I think you may have just found the most absolutely perfect look for you! WOW!!!


----------



## YvonneTheBlond (Dec 20, 2006)

This is one of my favorite looks for you. wow!


----------



## Miss World (Dec 20, 2006)

looks great


----------



## TM26 (Dec 20, 2006)

The colors you used on your eyes look amazing. It really brings out your eyes.


----------



## meowgoezdacow (Dec 20, 2006)

you look great!! very natural and radiant.


----------



## ginger9 (Dec 22, 2006)

Hey pretty lady 
	

	
	
		
		

		
		
	


	




 I think I've said this before but you have really scrumptious lips.... looks like candy....


----------



## snowkei (Dec 23, 2006)

I love ur lips and eyes!


----------



## almondeyez81 (Dec 23, 2006)

So-gorgeous.


----------



## JoyZz (Dec 23, 2006)

Very pretty, the colours you used suit you extremly well.


----------



## aziza (Dec 24, 2006)

I am soooo tripping over your skin! Absolutely flawless!!! What's your skincare routine, if you don't mind me asking?


----------



## LindseySullivan (Dec 25, 2006)

Gorgeous!


----------



## Jess-ee-ka (Dec 26, 2006)

So pretty, looks amazing with your eyes.  Well done girl!!


----------



## Sundae (Dec 27, 2006)

This is pretty.
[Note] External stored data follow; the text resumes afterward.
lemma partial_slices_eq_deriv:
  "partial1 (\<lambda>w. eta (fst w) x0 (snd w)) (t0, U) = deriv (\<lambda>s. eta s x0 U) t0"
  "partial2 (\<lambda>w. eta (fst w) x0 (snd w)) (t0, U) = deriv (\<lambda>z. eta t0 x0 z) U"
  "partial1 (\<lambda>w. eta t0 (fst w) (snd w)) (x0, U) = deriv (\<lambda>y. eta t0 y U) x0"
  "partial2 (\<lambda>w. eta t0 (fst w) (snd w)) (x0, U) = deriv (\<lambda>z. eta t0 x0 z) U"
  "partial1 (\<lambda>w. xi (fst w) x0 (snd w)) (t0, U) = deriv (\<lambda>s. xi s x0 U) t0"
  "partial2 (\<lambda>w. xi (fst w) x0 (snd w)) (t0, U) = deriv (\<lambda>z. xi t0 x0 z) U"
  "partial2 (\<lambda>w. xi t0 (fst w) (snd w)) (x0, U) = deriv (\<lambda>z. xi t0 x0 z) U"
  using partial1_eq_deriv[OF smooth_fun3_slices(5)[OF smooth_eta, of x0], of t0 U]
    partial2_eq_deriv[OF smooth_fun3_slices(5)[OF smooth_eta, of x0], of t0 U]
    partial1_eq_deriv[OF smooth_fun3_slices(4)[OF smooth_eta, of t0], of x0 U]
    partial2_eq_deriv[OF smooth_fun3_slices(4)[OF smooth_eta, of t0], of x0 U]
    partial1_eq_deriv[OF smooth_fun3_slices(5)[OF smooth_xi, of x0], of t0 U]
    partial2_eq_deriv[OF smooth_fun3_slices(5)[OF smooth_xi, of x0], of t0 U]
    partial2_eq_deriv[OF smooth_fun3_slices(4)[OF smooth_xi, of t0], of x0 U]
  by simp_all

lemma determining_eq_B:
  "- s * partial2 (\<lambda>w. eta (fst w) x0 (snd w)) (t0, U) + s * deriv \<alpha> t0
   + s * p * partial2 (\<lambda>w. xi (fst w) x0 (snd w)) (t0, U)
   + (w2 t0 x0 U 1 1 1 0 0 0 - w2 t0 x0 U 1 0 1 0 0 0) * s + W_xn t0 x0 U p 0 s 0 0 3
   + (w3 t0 x0 U 1 1 1 0 0 0 - w3 t0 x0 U 1 0 1 0 0 0) * U * s
   + (w4 t0 x0 U 1 1 1 0 0 0 - w4 t0 x0 U 1 0 1 0 0 0) * U * p
   + (w6 t0 x0 U 1 1 1 0 0 0 - w6 t0 x0 U 1 0 1 0 0 0) * U = 0"
  using prY_eqn1_jet_vanishes[where a=1 and b=1 and c=1 and e=0 and f=0 and q=0
      and u=U and ux=p and uxx=0 and uxxx=s and uxxxx=0 and uxxxxx=0 and t=t0 and x=x0]
    prY_eqn1_jet_vanishes[where a=1 and b=0 and c=1 and e=0 and f=0 and q=0
      and u=U and ux=p and uxx=0 and uxxx=s and uxxxx=0 and uxxxxx=0 and t=t0 and x=x0]
  unfolding prY_eqn1_jet_realization by (simp add: algebra_simps)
Pinks kinda come up lighter on my skin and looks whitish. It looks really lovely on you.
Great Job


----------



## katisha (Dec 27, 2006)

Love this look 
	

	
	
		
		

		
		
	


	




 You're beautiful.


----------



## tadzio79 (Dec 27, 2006)

all your looks are amazing!!!


----------



## *Luna* (Dec 28, 2006)

I love this look! It's so soft and you should know that I totally have eyelash envy right now.


----------



## L0VELY (Dec 28, 2006)

This look is so pretty! I love the colors on your lips! And your lashes are amazing!


----------



## Emmi (Dec 29, 2006)

Love it!!


----------



## Navessa (Jan 12, 2007)

fabulous!

good to "see" you again!


----------



## n_c (Jan 12, 2007)

Beautiful!


----------



## slvrlips (Jan 12, 2007)

very pretty


----------



## chrisantiss (Jan 13, 2007)

very nice


----------



## Riet (Jan 13, 2007)

Wow, so gorgeous colors in you


----------



## lafemmenoir (Jan 13, 2007)

*You ladies .... so lovely.... how come you can't leave near me???? I want that look...yep....*


----------



## ben (Jan 13, 2007)

i can see why it's your favorite ; o )


----------



## Viva_la_MAC_Girl (Jan 13, 2007)

So lovely and fresh!!!!


----------



## AprilBomb (Jan 13, 2007)

wow that looks pretty!


----------



## kaliraksha (Jan 14, 2007)

ahck, pinks look wonderful on you. beautiful, love the 4th pic


----------



## mebabygirl86 (Jan 14, 2007)

so fab


----------



## EmbalmerBabe (Jan 14, 2007)

Your so angelic! What skincare do you use?


----------



## Pascal (Jan 14, 2007)

Quote:

   Originally Posted by *ette* 

 
_GORGEOUS!! You look fabulous in pinks._


----------



## super_chique (Jan 17, 2007)

wow

absolutely gorgeous


----------



## nyna (Jan 19, 2007)

these colors are perfect for you 
your look is so fresh and natural.
I love it


----------